The paper studied complaints filed with the CFPB between January 2014 and March 2020, meaning its findings preceded the bulk of the disputes flagged by consumers reeling from the shocks of the coronavirus pandemic, including the spring of 2020 when some 25 million-30 million people were put out of work almost overnight.
While the next step for the working paper will be a peer review process, its findings will be watched closely by consumer advocates, including those focused on equitable treatment in the financial marketplace.
“This study reveals that the law is being implemented in such a way that harm to Black consumers is not being treated as seriously as harm to others,” said Jennifer Taub, a professor at Western New England University School of Law and author of Big Dirty Money. “What’s hard to know based on this research is whether it’s intentional or not.”
Regardless, Taub said in an interview, anti-discrimination laws don’t just focus on what consumer advocates call “disparate treatment,” but also the impact of treatment that may be harmful even if it’s not necessarily intentional, a condition called “disparate impact.”
‘What’s hard to know based on this research is whether it’s intentional or not.’
“What concerns me is that it took an outside researcher to find this,” Taub said.
In fact, the disparate treatment/disparate impact issue was one of the research questions that drew Heimer to this study. If the CFPB was doing its job, there shouldn’t be any differences in consumer outcomes, no matter what the demographics, he noted.
“The CFPB should be leveling the playing field,” he said in an interview. “The key feature to keep in mind is that a broad selection of financial service providers feels more comfortable applying disparate treatments in a political environment when they know the CFPB is going to be less aggressive toward them.”
One of the ironies of the Trump-era consumer environment that the paper highlights is that it’s in the best interest of everyone, including higher socioeconomic consumers and corporations, to be as accommodating as possible to all consumers, sources stressed.
‘There’s no reason why, say, a credit-card provider can’t make reasonable revenues from customers that aren’t being tricked by shady terms.
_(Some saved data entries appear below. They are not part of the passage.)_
lemma tight_facet_at_log_phiA_minimizer:
  assumes m: "m \<in> polyP r v a" and min: "\<forall>x\<in>polyP r v a. log_phiA r v a m \<le> log_phiA r v a x"
    and "i < r" "slack v a i m = 0" and y: "y \<in> polyP r v a"
  shows "slack v a i y = 0"
proof (rule ccontr)
  let ?G = "log_phiA r v a"
  define d where "d = slack v a i y"
  assume "slack v a i y \<noteq> 0"
  with y \<open>i < r\<close> have "d > 0" by (auto simp: d_def mem_polyP_iff)
  define t where "t = exp ((?G m - ?G y - 1) / d)"
  have "d * ln t = ?G m - ?G y - 1"
    unfolding t_def using \<open>d > 0\<close> by simp
  have "?G m - ?G y - 1 \<le> 0"
    using min y by fastforce
  then have "0 < t" "t \<le> 1"
    unfolding t_def using \<open>d > 0\<close> by (auto intro: divide_nonpos_pos)
  then have "?G ((1 - t) *\<^sub>R m + t *\<^sub>R y) \<le> (1 - t) * ?G m + t * ?G y + t * (d * ln t)"
    using log_phiA_segment_from_tight_facet[OF m y assms(3,4), of t] by (simp add: d_def)
  also have "\<dots> = ?G m - t"
    unfolding \<open>d * ln t = ?G m - ?G y - 1\<close> by (simp add: algebra_simps)
  finally have "?G ((1 - t) *\<^sub>R m + t *\<^sub>R y) < ?G m"
    using \<open>0 < t\<close> by simp
  moreover have "(1 - t) *\<^sub>R m + t *\<^sub>R y \<in> polyP r v a"
    using convexD[OF convex_polyP m y, of "1 - t" t] \<open>0 < t\<close> \<open>t \<le> 1\<close> by simp
  ultimately show False
    using min by fastforce
qed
But when they have to compete with companies that get revenues by ripping customers off, no one’s a winner.’
“Under a weaker CFPB, the bottom-feeding, low-productivity financial services providers are the ones more likely to win, whereas providing valuable services for consumers, helping them get stable financial products, becomes less of a winning formula for companies,” Heimer said. “There’s no reason why, say, a credit-card provider can’t make reasonable revenues from customers that aren’t being tricked by shady terms. But when they have to compete with companies that get revenues by ripping customers off, no one’s a winner.”
For Jennifer Taub, the questions raised by the paper evoke another case that’s regarded as a CFPB success: missteps at Wells Fargo
For years, the bank pressured employees to open accounts and add services for customers that they didn’t request and may not have needed, including car insurance premiums. Thousands of the bank’s customers had their cars repossessed when they didn’t pay for the insurance they didn’t realize they had signed on for, including many members of the military. That misstep against a protected class of consumer wound up costing Wells even more in fines and bad PR.
“Any business should have in place checks to guard against what may seem like discriminatory intent that can impact peoples’ lives,” Taub said.
“The efforts to help level the playing field for consumers who have less market power can only go so far as the political will to do so,” Heimer said. “When there are really concerted efforts to help disadvantaged consumers, they can be successful but when that support falls, consumers are left on their own and they may lack recourse.”